Learn how to make watermelon salad, grilled lamb chops, strawberry shortcake and more

Grilled Lamb Chops With Roasted Potatoes

Reprinted with permission from Kokkari Restaurant, San Francisco

Christina Ferrare lamp chop (Tara Donne)

For a hearty entrée, try grilled lamb chops with Kokkari dressing and roasted potatoes. — Tara Donne

Serves 6

Grilled Lamb Chops

  • 2 8-inch racks of lamb, about 11/2 pounds each
  • 2 teaspoons garlic powder
  • 1/2 teaspoon freshly ground pepper
  • 2 teaspoons dried Greek oregano, crumbled
  • 2 tablespoons extra-virgin olive oil
  • Sea salt
  • 2 lemons, halved, plus 4 lemon wedges for garnish
  • Kokkari Dressing (see recipe below)
  • Fresh oregano sprigs for garnish

1. Ask the butcher to trim the fat cap (the thick sheet of fat on the outside of each rack) but to leave a thin layer of fat. Some butchers like to "French" the ribs, trimming away the meat between the rib ends to leave the bone exposed, but this meat is tasty and should be left in place. Ask the butcher to cut between the ribs to make a total of 16 single-rib chops.

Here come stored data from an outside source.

lemma sublinear_sandwich:
  assumes "convex K"
  obtains f where "linear f" "\<And>x. f x \<le> s x" "\<And>z a. (z, a) \<in> K \<Longrightarrow> a \<le> f z"
proof -
  obtain f where f: "linear f" "\<And>x. f x \<le> gap_inf s K x"
    using hahn_banach_convex[OF convex_on_gap_inf[OF assms] gap_inf_0_nonneg] by blast
  obtain w0 a0 where w0: "(w0, a0) \<in> K"
    using K_ne by auto
  have "f x \<le> s x" for x
  proof (rule ccontr)
    assume "\<not> f x \<le> s x"
    define n where "n = (s w0 - a0 + 1) / (f x - s x)"
    have n: "0 < n" "n * (f x - s x) = s w0 - a0 + 1"
      using \<open>\<not> f x \<le> s x\<close> K_below[OF w0] by (auto simp: n_def)
    have "n * f x = f (n *\<^sub>R x)"
      using f(1) by (simp add: linear_scale)
    also have "\<dots> \<le> s (n *\<^sub>R x + w0) - a0"
      using f(2) gap_inf_le[OF w0] order_trans by blast
    also have "\<dots> \<le> n * s x + s w0 - a0"
      using sublinear_add_le[OF s, of "n *\<^sub>R x" w0] sublinear_scaleR[OF s, of n x] n(1) by simp
    finally show False
      using n(2) by (simp add: algebra_simps)
  qed
  moreover have "a \<le> f z" if "(z, a) \<in> K" for z a
  proof -
    have "- f z = f (- z)"
      using f(1) by (simp add: linear_neg)
    also have "\<dots> \<le> s (- z + z) - a"
      using f(2) gap_inf_le[OF that] order_trans by blast
    finally show ?thesis
      by (simp add: sublinear_0[OF s])
  qed
  ultimately show ?thesis
    using f(1) that by blast
qed

end

section \<open>Positive and negative parts\<close>

text \<open>A type of sort \<open>{lattice, ordered_ab_group_add}\<close> is not automatically an instance of the
  class \<open>lattice_ab_group_add\<close>, so the laws of that class are obtained by interpretation.\<close>

context
begin

interpretation lattice_ab_group_add "(+)" "0::'a::{lattice,ordered_ab_group_add}" "(-)" uminus "(\<le>)" "(<)" inf sup
  by intro_locales

lemma pos_part_nonneg [simp]: "0 \<le> pos_part x"
  for x :: "'a::{lattice,ordered_ab_group_add}"
  by (simp add: pos_part_def)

2. Put the chops on a work surface and pound the meat lightly with your fist to make it evenly thick and to crack the external band of fat. Combine the garlic powder, pepper and dried oregano in a small bowl. Press this seasoning blend into both sides of the meat, including the meat on the bones. You can grill the lamb immediately, or cover and refrigerate for up to 12 hours (bring to room temperature before grilling).

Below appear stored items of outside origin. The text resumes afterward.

(* Let $R$ be a nonempty set of permutations and let $f(x),g(x)$ be formal power series (or polynomials) with $g$ invertible such that $$\sum_{n\ge0}|\mathfrak S_n(1243,2143,R)|x^n=1+x\frac{f(x)}{g(x)}.$$ Then $$\sum_{n\ge0}|\mathfrak S_n(1243,2143,Rn)|x^n=1+x\frac{g(x)}{(1-x)g(x)-xf(x)}.$$
   Context: $\mathfrak S_n(S)$ denotes the permutations of $\{1,\dots,n\}$ avoiding every pattern in $S$ (no subsequence with the same relative order as a pattern). $Rn$ is the set obtained by appending to each $\sigma\in R$ of length $m$ the entry $m+1$. *)

theory Defs
  imports "HOL-Computational_Algebra.Formal_Power_Series"
begin

definition perms :: "nat \<Rightarrow> nat list set" where
  "perms n = {xs. distinct xs \<and> set xs = {1..n}}"

definition is_perm :: "nat list \<Rightarrow> bool" where
  "is_perm xs \<longleftrightarrow> xs \<in> perms (length xs)"

definition order_iso :: "nat list \<Rightarrow> nat list \<Rightarrow> bool" where
  "order_iso a b \<longleftrightarrow> length a = length b \<and>
     (\<forall>i<length a. \<forall>j<length a. (a ! i < a ! j) = (b ! i < b ! j))"

definition contains :: "nat list \<Rightarrow> nat list \<Rightarrow> bool" where
  "contains \<sigma> p \<longleftrightarrow> (\<exists>I. I \<subseteq> {..<length \<sigma>} \<and> order_iso (nths \<sigma> I) p)"

definition Av :: "nat \<Rightarrow> nat list set \<Rightarrow> nat list set" where
  "Av n S = {\<sigma> \<in> perms n. \<forall>p\<in>S. \<not> contains \<sigma> p}"

definition append_max :: "nat list set \<Rightarrow> nat list set" where
  "append_max R = (\<lambda>\<sigma>. \<sigma> @ [length \<sigma> + 1]) ` R"

definition Av_gf :: "nat list set \<Rightarrow> 'a::field fps" where
  "Av_gf S = Abs_fps (\<lambda>n. of_nat (card (Av n S)))"

end

theory Submission
  imports Defs "HOL-Library.Sublist"
begin
(* Let $A=\langle a_1,a_2\mid \Pi(a_1,a_2,m_A)=\Pi(a_2,a_1,m_A)\rangle$ be a dihedral Artin group with $m_A<\infty$. Let $k_1,k_2\in\mathbb{Z}$ with $k_2\neq0$. Then the centralizer of $\delta_A^{k_1}a_1^{k_2}$ in $A$ is the free abelian group generated by $\delta_A$ and $a_1$.
   Context: $\Pi(s,t,m)$ denotes the alternating word $sts\cdots$ of length $m$; $m_A\ge 2$ is an integer. $\Delta_A=\Pi(a_1,a_2,m_A)=\Pi(a_2,a_1,m_A)$ is the Garside element, and $\delta_A=\Delta_A^2$ if $m_A$ is odd, $\delta_A=\Delta_A$ if $m_A$ is even. *)

theory Defs
  imports Main
begin

text \<open>A letter is (generator, sign), sign True = positive
  letter, sign False = inverse letter.  Group elements are words modulo the congruence
  artin_eq m generated by free cancellation and the braid relation.\<close>

type_synonym letter = "bool \<times> bool"
type_synonym word = "letter list"

definition gen :: "bool \<Rightarrow> word" where
  "gen s = [(s, True)]"

definition a1 :: word where "a1 = gen False"
definition a2 :: word where "a2 = gen True"

definition inv_letter :: "letter \<Rightarrow> letter" where
  "inv_letter x = (fst x, \<not> snd x)"

definition inv_word :: "word \<Rightarrow> word" where
  "inv_word w = rev (map inv_letter w)"

fun Pi :: "bool \<Rightarrow> bool \<Rightarrow> nat \<Rightarrow> word" where
  "Pi s t 0 = []"
| "Pi s t (Suc n) = (s, True) # Pi t s n"

inductive artin_eq :: "nat \<Rightarrow> word \<Rightarrow> word \<Rightarrow> bool" for m :: nat where
  refl: "artin_eq m w w"
| sym: "artin_eq m u v \<Longrightarrow> artin_eq m v u"
| trans: "artin_eq m u v \<Longrightarrow> artin_eq m v w \<Longrightarrow> artin_eq m u w"
| cong: "artin_eq m u v \<Longrightarrow> artin_eq m (x @ u @ y) (x @ v @ y)"
| cancel: "artin_eq m [x, inv_letter x] []"
| braid: "artin_eq m (Pi False True m) (Pi True False m)"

3. Prepare a hot charcoal fire or preheat a gas grill to high. Just before grilling, drizzle the seasoned chops with the olive oil, using your fingers to coat the meat evenly, then season with salt. Grill the chops, turning once, for about 3 minutes on each side for medium rare. Squeeze the lemon halves over them just before taking them off the grill.

4. Serve hot, drizzled with dressing (see recipe below) and garnished with lemon wedges and oregano sprigs.

Nutrients per serving: 226 calories, 28g protein, 2g carbohydrates, 1g fiber, 11g fat (4g saturated fat), 87mg cholesterol, 462mg sodium, 356mg potassium

Kokkari Dressing

Makes 1/2 cup

  • 6 tablespoons extra-virgin olive oil
  • 2 tablespoons fresh lemon juice
  • 2 teaspoons capers, rinsed and minced
  • 2 teaspoons shallots, minced
  • 1 teaspoon garlic, minced
  • 1 teaspoon flat-leaf parsley, minced
  • 1/2 teaspoon fresh oregano, chopped
  • 1/4 teaspoon dried Greek oregano, crumbled
  • Sea salt and freshly ground pepper

In a small bowl, whisk together the olive oil, lemon juice, capers, shallots, garlic, parsley and fresh oregano. Add the dried oregano, and whisk in salt and pepper to taste.

Nutrients per serving (about 11/2 tablespoons): 124 calories, 0g protein, 1g carbohydrates, 0g fiber, 14g fat (2g saturated fat), 0mg cholesterol, 125mg sodium, 17mg potassium

Roasted Potatoes

  • 2 pounds Yukon Gold potatoes, cut lengthwise into 6 wedges
  • 4 tablespoons extra-virgin olive oil
  • 1/2 teaspoon dried Greek oregano, crumbled
  • Sea salt and freshly ground pepper
  • 1/4 cup fresh lemon juice, plus more for garnish

1. Preheat the oven to 450˚ F. Put the potato wedges in a large bowl. Add the olive oil, oregano, 11/2 teaspoons salt and several grinds of pepper. Toss to coat evenly.

2. Arrange the wedges in one layer in a 9-by-13-inch nonreactive dish. Drizzle with the lemon juice. Pour 1/2 cup of water around, not over, the potatoes. Bake until the potatoes are browned in spots and tender when pierced and the water has evaporated, about 40 minutes, rotating the pan halfway through baking for even browning. Let cool for at least 15 minutes before bringing the potatoes to the table.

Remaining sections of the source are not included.